How to change sqoop metastore?

Chetan Shirke picture Chetan Shirke · Jun 6, 2014 · Viewed 7.6k times · Source

I am using sqoop 1.4.2 version. I am trying to change the sqoop metastore from default hsqldb to mysql.

I have configured following properties in sqoop-site.xml file.

    <property>
    <name>sqoop.metastore.client.enable.autoconnect</name>
    <value>false</value>
    <description>If true, Sqoop will connect to a local metastore
      for job management when no other metastore arguments are
      provided.
    </description>
  </property>
  <property>
    <name>sqoop.metastore.client.autoconnect.url</name>
    <value>jdbc:mysql://ip:3206/sqoop?createDatabaseIfNotExist=true</value>
  </property>
  <property>
    <name>sqoop.metastore.client.autoconnect.username</name>
    <value>userName</value>
  </property>
  <property>
    <name>sqoop.metastore.client.autoconnect.password</name>
    <value>password</value>
  </property>
</configuration>

When I try to create a sqoop jobs with meta-connect url it fails to connect to configured mysql db.

sqoop job --create --meta-connect {mysql_jdbc_url} sqoop job defination

it is throwing following exception.

    14/06/06 15:04:54 INFO sqoop.Sqoop: Running Sqoop version: 1.4.4.2.0.6.1-101
14/06/06 15:04:55 WARN hsqldb.HsqldbJobStorage: Could not interpret as a number: null
14/06/06 15:04:55 ERROR hsqldb.HsqldbJobStorage: Can not interpret metadata schema
14/06/06 15:04:55 ERROR hsqldb.HsqldbJobStorage: The metadata schema version is null
14/06/06 15:04:55 ERROR hsqldb.HsqldbJobStorage: The highest version supported is 0
14/06/06 15:04:55 ERROR hsqldb.HsqldbJobStorage: To use this version of Sqoop, you must downgrade your metadata schema.
14/06/06 15:04:55 ERROR tool.JobTool: I/O error performing job operation: java.io.IOException: Invalid metadata version.
        at org.apache.sqoop.metastore.hsqldb.HsqldbJobStorage.init(HsqldbJobStorage.java:202)
        at org.apache.sqoop.metastore.hsqldb.HsqldbJobStorage.open(HsqldbJobStorage.java:161)
        at org.apache.sqoop.tool.JobTool.run(JobTool.java:274)
        at org.apache.sqoop.Sqoop.run(Sqoop.java:147)
        at org.apache.hadoop.util.ToolRunner.run(ToolRunner.java:70)
        at org.apache.sqoop.Sqoop.runSqoop(Sqoop.java:183)
        at org.apache.sqoop.Sqoop.runTool(Sqoop.java:222)
        at org.apache.sqoop.Sqoop.runTool(Sqoop.java:231)
        at org.apache.sqoop.Sqoop.main(Sqoop.java:240)
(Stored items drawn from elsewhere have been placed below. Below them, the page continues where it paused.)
(* Let $\pi\in S_n$ be shallow. Then: (1) there are no indices $r<i<j<s$ with $\pi_i=n$, $\pi_j=1$ and $\pi_r>\pi_s$ (i.e. $\pi$ avoids the mesh pattern $3\mathbf{4}\mathbf{1}2$, an occurrence of $3412$ whose "4" is the entry $n$ and whose "1" is the entry $1$); and (2) there are no indices $1<i<j<n$ with $\pi_i>\pi_1>\pi_n>\pi_j$ (i.e. $\pi$ avoids the pattern $\underline{3}41\underline{2}$, an occurrence of $3412$ whose "3" is in position $1$ and whose "2" is in position $n$).
   Context: For $\pi\in S_n$: $D(\pi)=\sum_{i}|\pi_i-i|$, $I(\pi)$ is the number of inversions, $T(\pi)=n-\mathrm{cyc}(\pi)$ with $\mathrm{cyc}$ the number of cycles in the disjoint cycle decomposition; $\pi$ is shallow if $I(\pi)+T(\pi)=D(\pi)$. *)

theory Defs
  imports "HOL-Combinatorics.Combinatorics"
begin

text \<open>Permutations of S_n are represented as functions p :: nat => nat with p permutes {1..n}.\<close>

definition displacement :: "nat \<Rightarrow> (nat \<Rightarrow> nat) \<Rightarrow> int" where
  "displacement n p = (\<Sum>i\<in>{1..n}. \<bar>int (p i) - int i\<bar>)"

definition inversions :: "nat \<Rightarrow> (nat \<Rightarrow> nat) \<Rightarrow> nat" where
  "inversions n p = card {(i, j). i \<in> {1..n} \<and> j \<in> {1..n} \<and> i < j \<and> p i > p j}"

text \<open>Number of cycles in the disjoint cycle decomposition (fixed points count as cycles).\<close>
definition num_cycles :: "nat \<Rightarrow> (nat \<Rightarrow> nat) \<Rightarrow> nat" where
  "num_cycles n p = card (orbit p ` {1..n})"

definition reflection_length :: "nat \<Rightarrow> (nat \<Rightarrow> nat) \<Rightarrow> nat" where
  "reflection_length n p = n - num_cycles n p"

definition shallow :: "nat \<Rightarrow> (nat \<Rightarrow> nat) \<Rightarrow> bool" where
  "shallow n p \<longleftrightarrow> int (inversions n p) + int (reflection_length n p) = displacement n p"

end

theory Submission
  imports Defs
begin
Does sqoop 1.4.2 supports metastore other than hsql db?

Please suggest.

Answer

ravik picture ravik · Jul 23, 2014

The answer is Yes, in my case I am using PostgreSQL. I ran into this recently and I am using Version 1.4.4. I am not sure if what I did is the recommended way, but it works. Here are the steps I followed

  1. In sqoop-site.xml I configured it with, the connect string to my database, username and password.

  2. Created the following object in the database, as Sqoop was failing at it.

    CREATE TABLE SQOOP_ROOT ( version INT, propname VARCHAR(128) NOT NULL, propval VARCHAR(256), CONSTRAINT SQOOP_ROOT_unq UNIQUE (version, propname) );

  3. Inserted the following row (This seems to be the reason your script is failing)

    INSERT INTO SQOOP_ROOT VALUES( NULL, 'sqoop.hsqldb.job.storage.version', '0' );

I think the correct way might be is to download the source, and extend org.apache.sqoop.metastore.JobStorage with you DB implementation.